Phenotyping, transgressive segregation, and heritabilities

Three replicated field trials were undertaken using the BMWpop: two in the UK in 2017 and 2018 (UK17, UK18) and one in Germany in 2018 (DE18). Across all 394 RILs and eight founders, 15 phenotypes were collected (listed in Table 1): 13 yield components, as well as ‘plant height’ and ‘flowering time’. BLUEs were calculated for all traits and are listed in Supplementary Table 4. Phenotypic data for all traits were found to be normally distributed, and so did not require further transformation.

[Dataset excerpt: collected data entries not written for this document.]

text \<open>Compare \<open>f((A, x)(B, \<one>)) = f(AB, x\<inverse>)\<close> at \<open>x = \<one>\<close> and at \<open>x = w \<noteq> \<one>\<close>: if the claim
  failed, both would have to be the other alternative, forcing \<open>\<sigma>(w)\<^sup>2 = \<one>\<close>.\<close>

lemma shift_mult:
  assumes AB: "distinct [K1, A, B]"
  shows "shift (klein_mult A B) = inv (shift A) \<otimes> shift B"
proof (rule ccontr)
  assume ne: "shift (klein_mult A B) \<noteq> inv (shift A) \<otimes> shift B"
  have A: "A \<noteq> K1" and B: "B \<noteq> K1"
    using AB by auto
  let ?C = "klein_mult A B"
  have C: "?C \<noteq> K1"
    using AB by (simp add: klein_mult_eq_K1_iff)
  define \<sigma> where "\<sigma> x = (if inverting A then inv (phi x) else phi x)" for x
  have \<sigma>: "\<sigma> x \<in> carrier G" if "x \<in> carrier G" for x
    using phi_closed[OF that] by (simp add: \<sigma>_def)
  have fM_eq: "fM D x = shift D \<otimes> \<sigma> x" if "D \<noteq> K1" "x \<in> carrier G" for D x
    using fM_nonK1[OF that] inverting_eq[OF that(1) A] by (simp add: \<sigma>_def)
  have shift_C: "shift ?C = inv (shift B) \<otimes> shift A \<otimes> (\<sigma> x \<otimes> \<sigma> x)" if x: "x \<in> carrier G" for x
  proof -
    note closed = shift_closed \<sigma>[OF x]
    have "fM ?C (inv x) \<in> {inv (fM A x) \<otimes> fM B \<one>, inv (fM B \<one>) \<otimes> fM A x}"
      using fM_mult[OF x one_closed, of A B] fK_ne_K1[OF A x] fK_ne_K1[OF B one_closed] B x by simp
    moreover have "fM ?C (inv x) = shift ?C \<otimes> inv (\<sigma> x)"
      using fM_eq[OF C inv_closed[OF x]] x by (simp add: \<sigma>_def phi_inv phi_closed)
    moreover have "fM A x = shift A \<otimes> \<sigma> x" "fM B \<one> = shift B"
      using fM_eq[OF A x] by (simp_all add: shift_def)
    moreover have "inv (shift A \<otimes> \<sigma> x) \<otimes> shift B = (inv (shift A) \<otimes> shift B) \<otimes> inv (\<sigma> x)"
      using closed by (simp add: inv_mult m_ac)
    ultimately consider
        "shift ?C \<otimes> inv (\<sigma> x) = (inv (shift A) \<otimes> shift B) \<otimes> inv (\<sigma> x)"
      | "shift ?C \<otimes> inv (\<sigma> x) = inv (shift B) \<otimes> (shift A \<otimes> \<sigma> x)"
      by auto
    then show ?thesis
    proof cases
      case 1
      then show ?thesis using ne closed by simp
    next
      case 2
      have "shift ?C = (shift ?C \<otimes> inv (\<sigma> x)) \<otimes> \<sigma> x"
        using closed by (simp add: m_assoc)
      also have "\<dots> = inv (shift B) \<otimes> shift A \<otimes> (\<sigma> x \<otimes> \<sigma> x)"
        using 2 closed by (simp add: m_assoc)
      finally show ?thesis .
    qed
  qed
  obtain w where w: "w \<in> carrier G" "w \<noteq> \<one>"
    by (rule obtain_nonunit)
  have "\<sigma> \<one> = \<one>"
    by (simp add: \<sigma>_def phi_one)
  then have "\<sigma> w \<otimes> \<sigma> w = \<one>"
    using shift_C[OF w(1)] shift_C[OF one_closed] \<sigma>[OF w(1)] shift_closed by simp
  then have "\<sigma> w = \<one>"
    by (rule square_eq_one[OF \<sigma>[OF w(1)]])
  then show False
    using w phi_eq_one_iff[OF w(1)] phi_closed[OF w(1)] by (simp add: \<sigma>_def split: if_splits)
qed

lemma shift_eq_one: "shift C = \<one>"
proof (cases "C = K1")
  case True
  then show ?thesis using f_one by (simp add: shift_def f_pair)
next
  case False
  then obtain A B where AB: "distinct [K1, A, B]" and C: "klein_mult A B = C"
    using klein_eq_mult_distinct by blast
  then have BA: "distinct [K1, B, A]" and C': "klein_mult B A = C"
    by (auto simp: klein_mult_commute)
  have "inv (shift C) = inv (inv (shift A) \<otimes> shift B)"
    using shift_mult[OF AB] C by simp
  also have "\<dots> = inv (shift B) \<otimes> shift A"
    using shift_closed by (simp add: inv_mult_group)
  also have "\<dots> = shift C"
    using shift_mult[OF BA] C' by simp
  finally show ?thesis
    using inv_eq_self[OF shift_closed] by blast
qed

lemma f_eq_L_half_auto_of:
  obtains e p where "e \<in> {0, 1}" and "p permutes {1..3}" and "f = L_half_auto_of G e p phi"
proof -
  obtain p where p: "p permutes {1..3}" and perm: "klein_perm p = perm"
    using klein_perm_surj[OF inj_perm perm_K1] .
  define e :: int where "e = (if inverting Ka then 1 else 0)"
  have "f = L_half_auto_of G e p phi"
  proof
    fix P :: "klein \<times> 'a"
    obtain A x where P: "P = (A, x)" by fastforce
    show "f P = L_half_auto_of G e p phi P"
    proof (cases "x \<in> carrier G")
      case False
      have "f \<in> extensional (UNIV \<times> carrier G)"
        using half_auto by (simp add: half_auto_def Bij_def)
      then have "f P = undefined"
        by (rule extensional_arb) (simp add: P False)
      then show ?thesis
        using False by (simp add: P L_half_auto_of_def)
    next
      case x: True
      show ?thesis
      proof (cases "A = K1")
        case True
        then show ?thesis
          using f_K1[OF x] x p by (simp add: P)
      next
        case A: False
        have "inverting A = inverting Ka"
          using inverting_eq[OF A] by simp
        then show ?thesis
          using f_nonK1_cases(1)[OF A x] fM_nonK1[OF A x] x A phi_closed[OF x]
          by (simp add: P f_pair e_def shift_eq_one perm)
      qed
    qed
  qed
  moreover have "e \<in> {0, 1}"
    by (simp add: e_def)
  ultimately show ?thesis
    using that p by blast
qed

end

lemma carrier_integer_mod_group_2: "carrier (integer_mod_group 2) = {0, 1}"
  by (auto simp: carrier_integer_mod_group)

lemma carrier_AutoGroup: "carrier (AutoGroup G) = auto G"
  by (simp add: AutoGroup_def BijGroup_def)

lemma mult_AutoGroup: "\<phi> \<in> auto G \<Longrightarrow> \<psi> \<in> auto G \<Longrightarrow> \<phi> \<otimes>\<^bsub>AutoGroup G\<^esub> \<psi> = compose (carrier G) \<phi> \<psi>"
  by (simp add: AutoGroup_def BijGroup_def auto_def)

lemma carrier_HalfGroup: "carrier (HalfGroup G) = half_auto G"
  by (simp add: HalfGroup_def BijGroup_def)

lemma mult_HalfGroup: "f \<in> half_auto G \<Longrightarrow> g \<in> half_auto G \<Longrightarrow> f \<otimes>\<^bsub>HalfGroup G\<^esub> g = compose (carrier G) f g"
  by (simp add: HalfGroup_def BijGroup_def half_auto_def)

lemma auto_subset_half_auto: "auto G \<subseteq> half_auto G"
  by (auto simp: auto_def hom_def half_auto_def)

context nontrivial_odd_comm_group
begin

lemma half_auto_L_loop:
  "half_auto (L_loop G)
    = (\<lambda>(e, p, \<phi>). L_half_auto_of G e p \<phi>) ` ({0, 1} \<times> {p. p permutes {1..3}} \<times> auto G)"
proof
  show "half_auto (L_loop G) \<subseteq> (\<lambda>(e, p, \<phi>). L_half_auto_of G e p \<phi>) ` ({0, 1} \<times> {p. p permutes {1..3}} \<times> auto G)"
  proof
    fix f assume "f \<in> half_auto (L_loop G)"
    then interpret L_half_automorphism G f
      by unfold_locales
    obtain e p where "e \<in> {0, 1}" and "p permutes {1..3}" and "f = L_half_auto_of G e p phi"
      by (rule f_eq_L_half_auto_of)
    then show "f \<in> (\<lambda>(e, p, \<phi>). L_half_auto_of G e p \<phi>) ` ({0, 1} \<times> {p. p permutes {1..3}} \<times> auto G)"
      using phi_auto by (intro image_eqI[of _ _ "(e, p, phi)"]) simp_all
  qed
  show "(\<lambda>(e, p, \<phi>). L_half_auto_of G e p \<phi>) ` ({0, 1} \<times> {p. p permutes {1..3}} \<times> auto G) \<subseteq> half_auto (L_loop G)"
    using L_half_auto_of_in_half_auto[OF finite_carrier] by auto
qed

lemma auto_L_loop:
  "auto (L_loop G) = (\<lambda>(p, \<phi>). L_half_auto_of G 0 p \<phi>) ` ({p. p permutes {1..3}} \<times> auto G)"
proof
  show "auto (L_loop G) \<subseteq> (\<lambda>(p, \<phi>). L_half_auto_of G 0 p \<phi>) ` ({p. p permutes {1..3}} \<times> auto G)"
  proof
    fix f assume f: "f \<in> auto (L_loop G)"
    then have "f \<in> half_auto (L_loop G)"
      by (rule subsetD[OF auto_subset_half_auto])
    then obtain e p \<phi> where "e \<in> {0, 1}" "p permutes {1..3}" "\<phi> \<in> auto G" "f = L_half_auto_of G e p \<phi>"
      unfolding half_auto_L_loop by auto
    moreover from this have "e = 0"
      using L_half_auto_of_in_auto_iff f by simp
    ultimately show "f \<in> (\<lambda>(p, \<phi>). L_half_auto_of G 0 p \<phi>) ` ({p. p permutes {1..3}} \<times> auto G)"
      by (intro image_eqI[of _ _ "(p, \<phi>)"]) simp_all
  qed
  show "(\<lambda>(p, \<phi>). L_half_auto_of G 0 p \<phi>) ` ({p. p permutes {1..3}} \<times> auto G) \<subseteq> auto (L_loop G)"
    using L_half_auto_of_in_auto[OF finite_carrier] by auto
qed

lemma L_loop_half_iso:
  "(\<lambda>(e, p, \<phi>). L_half_auto_of G e p \<phi>)
    \<in> iso (integer_mod_group 2 \<times>\<times> sym_group 3 \<times>\<times> AutoGroup G) (HalfGroup (L_loop G))"
  (is "?h \<in> iso ?P ?H")
proof -
  have carrier_P: "carrier ?P = {0, 1} \<times> {p. p permutes {1..3}} \<times> auto G"
    by (simp add: carrier_integer_mod_group_2 sym_group_def carrier_AutoGroup)
  have image: "?h ` carrier ?P = carrier ?H"
    unfolding carrier_P by (simp add: carrier_HalfGroup half_auto_L_loop)
  have mult: "?h (a \<otimes>\<^bsub>?P\<^esub> b) = ?h a \<otimes>\<^bsub>?H\<^esub> ?h b" if "a \<in> carrier ?P" "b \<in> carrier ?P" for a b
  proof -
    obtain e p \<phi> e' q \<psi> where a: "a = (e, p, \<phi>)" and b: "b = (e', q, \<psi>)"
      by (cases a, cases b) auto
    have e: "e \<in> {0, 1}" "e' \<in> {0, 1}" and pq: "p permutes {1..3}" "q permutes {1..3}"
      and \<phi>\<psi>: "\<phi> \<in> auto G" "\<psi> \<in> auto G"
      using that unfolding carrier_P a b by simp_all
    then show ?thesis
      using L_half_auto_of_in_half_auto[OF finite_carrier] L_half_auto_of_compose[OF pq(2) \<phi>\<psi> e, of p]
      by (simp add: a b sym_group_def mult_AutoGroup mult_HalfGroup)
  qed
  have "?h \<in> hom ?P ?H"
  proof (rule homI)
    show "?h a \<in> carrier ?H" if "a \<in> carrier ?P" for a
      using imageI[OF that, of ?h] by (simp only: image)
  qed (rule mult)
  moreover have "inj_on ?h (carrier ?P)"
  proof (rule inj_onI)
    fix a b assume "a \<in> carrier ?P" "b \<in> carrier ?P" and eq: "?h a = ?h b"
    moreover obtain e p \<phi> e' q \<psi> where a: "a = (e, p, \<phi>)" and b: "b = (e', q, \<psi>)"
      by (cases a, cases b) auto
    ultimately have "e \<in> {0, 1}" "e' \<in> {0, 1}" "p permutes {1..3}" "q permutes {1..3}"
      "\<phi> \<in> auto G" "\<psi> \<in> auto G" "L_half_auto_of G e p \<phi> = L_half_auto_of G e' q \<psi>"
      unfolding carrier_P by simp_all
    then show "a = b"
      using L_half_auto_of_inject[of p q \<phi> \<psi> e e'] by (simp add: a b)
  qed
  ultimately show ?thesis
    using image by (simp add: iso_iff)
qed

lemma L_loop_auto_iso:
  "(\<lambda>(p, \<phi>). L_half_auto_of G 0 p \<phi>) \<in> iso (sym_group 3 \<times>\<times> AutoGroup G) (AutoGroup (L_loop G))"
  (is "?h \<in> iso ?P ?H")
proof -
  have carrier_P: "carrier ?P = {p. p permutes {1..3}} \<times> auto G"
    by (simp add: sym_group_def carrier_AutoGroup)
  have image: "?h ` carrier ?P = carrier ?H"
    unfolding carrier_P by (simp add: carrier_AutoGroup auto_L_loop)
  have mult: "?h (a \<otimes>\<^bsub>?P\<^esub> b) = ?h a \<otimes>\<^bsub>?H\<^esub> ?h b" if "a \<in> carrier ?P" "b \<in> carrier ?P" for a b
  proof -
    obtain p \<phi> q \<psi> where a: "a = (p, \<phi>)" and b: "b = (q, \<psi>)"
      by (cases a, cases b) auto
    have "p permutes {1..3}" "q permutes {1..3}" "\<phi> \<in> auto G" "\<psi> \<in> auto G"
      using that unfolding carrier_P a b by simp_all
    then show ?thesis
      using L_half_auto_of_in_auto[OF finite_carrier] L_half_auto_of_compose[of q \<phi> \<psi> 0 0 p]
      by (simp add: a b sym_group_def mult_AutoGroup)
  qed
  have "?h \<in> hom ?P ?H"
  proof (rule homI)
    show "?h a \<in> carrier ?H" if "a \<in> carrier ?P" for a
      using imageI[OF that, of ?h] by (simp only: image)
  qed (rule mult)
  moreover have "inj_on ?h (carrier ?P)"
    unfolding carrier_P using L_half_auto_of_inject[where e = 0 and e' = 0] by (intro inj_onI) auto
  ultimately show ?thesis
    using image by (simp add: iso_iff)
qed

end

text \<open>For a group of odd order, exponent \<open>> 2\<close> just says that it is nontrivial.\<close>

lemma (in monoid) group_exponent_trivial: "carrier G = {\<one>} \<Longrightarrow> group_exponent G = 1"
  unfolding group_exponent_def by (rule Least_equality) auto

Transgressive segregation was observed in both the positive and negative direction for all traits in all 45 year/location combinations analyzed (Supplementary Fig. 1). This was especially notable for ‘number of infertile spikelets per ear’, ‘total number of spikelets per ear’, ‘seed length’ and ‘flowering time’. Heritabilities varied depending on phenotype and year (Table 1), ranging from 0.42 (‘seed weight/ear weight ratio’ in trial UK17) to 0.95 (‘seed length–width ratio’ in DE18). Mean heritability for seed traits (SA, SWI, SL, FFD, SL.SWI, TGW; mean h2 = 0.80) were higher than those for ear architecture (EL, EW, NFSP, NISP, totNSP, NS.NE, SW.EW; mean h2 = 0.71). Individual trait heritabilities were broadly similar between the three trials, with 12 of the 15 traits showing differences in their heritabilities lower than 0.26. The exceptions were ‘seed weight-ear weight ratio’, ‘number of seeds per ear’, and ‘thousand grain weight’, with the former driven by low heritability in UK17 (0.42), and the latter two by relatively low heritability in UK18 (0.46 and 0.61, respectively).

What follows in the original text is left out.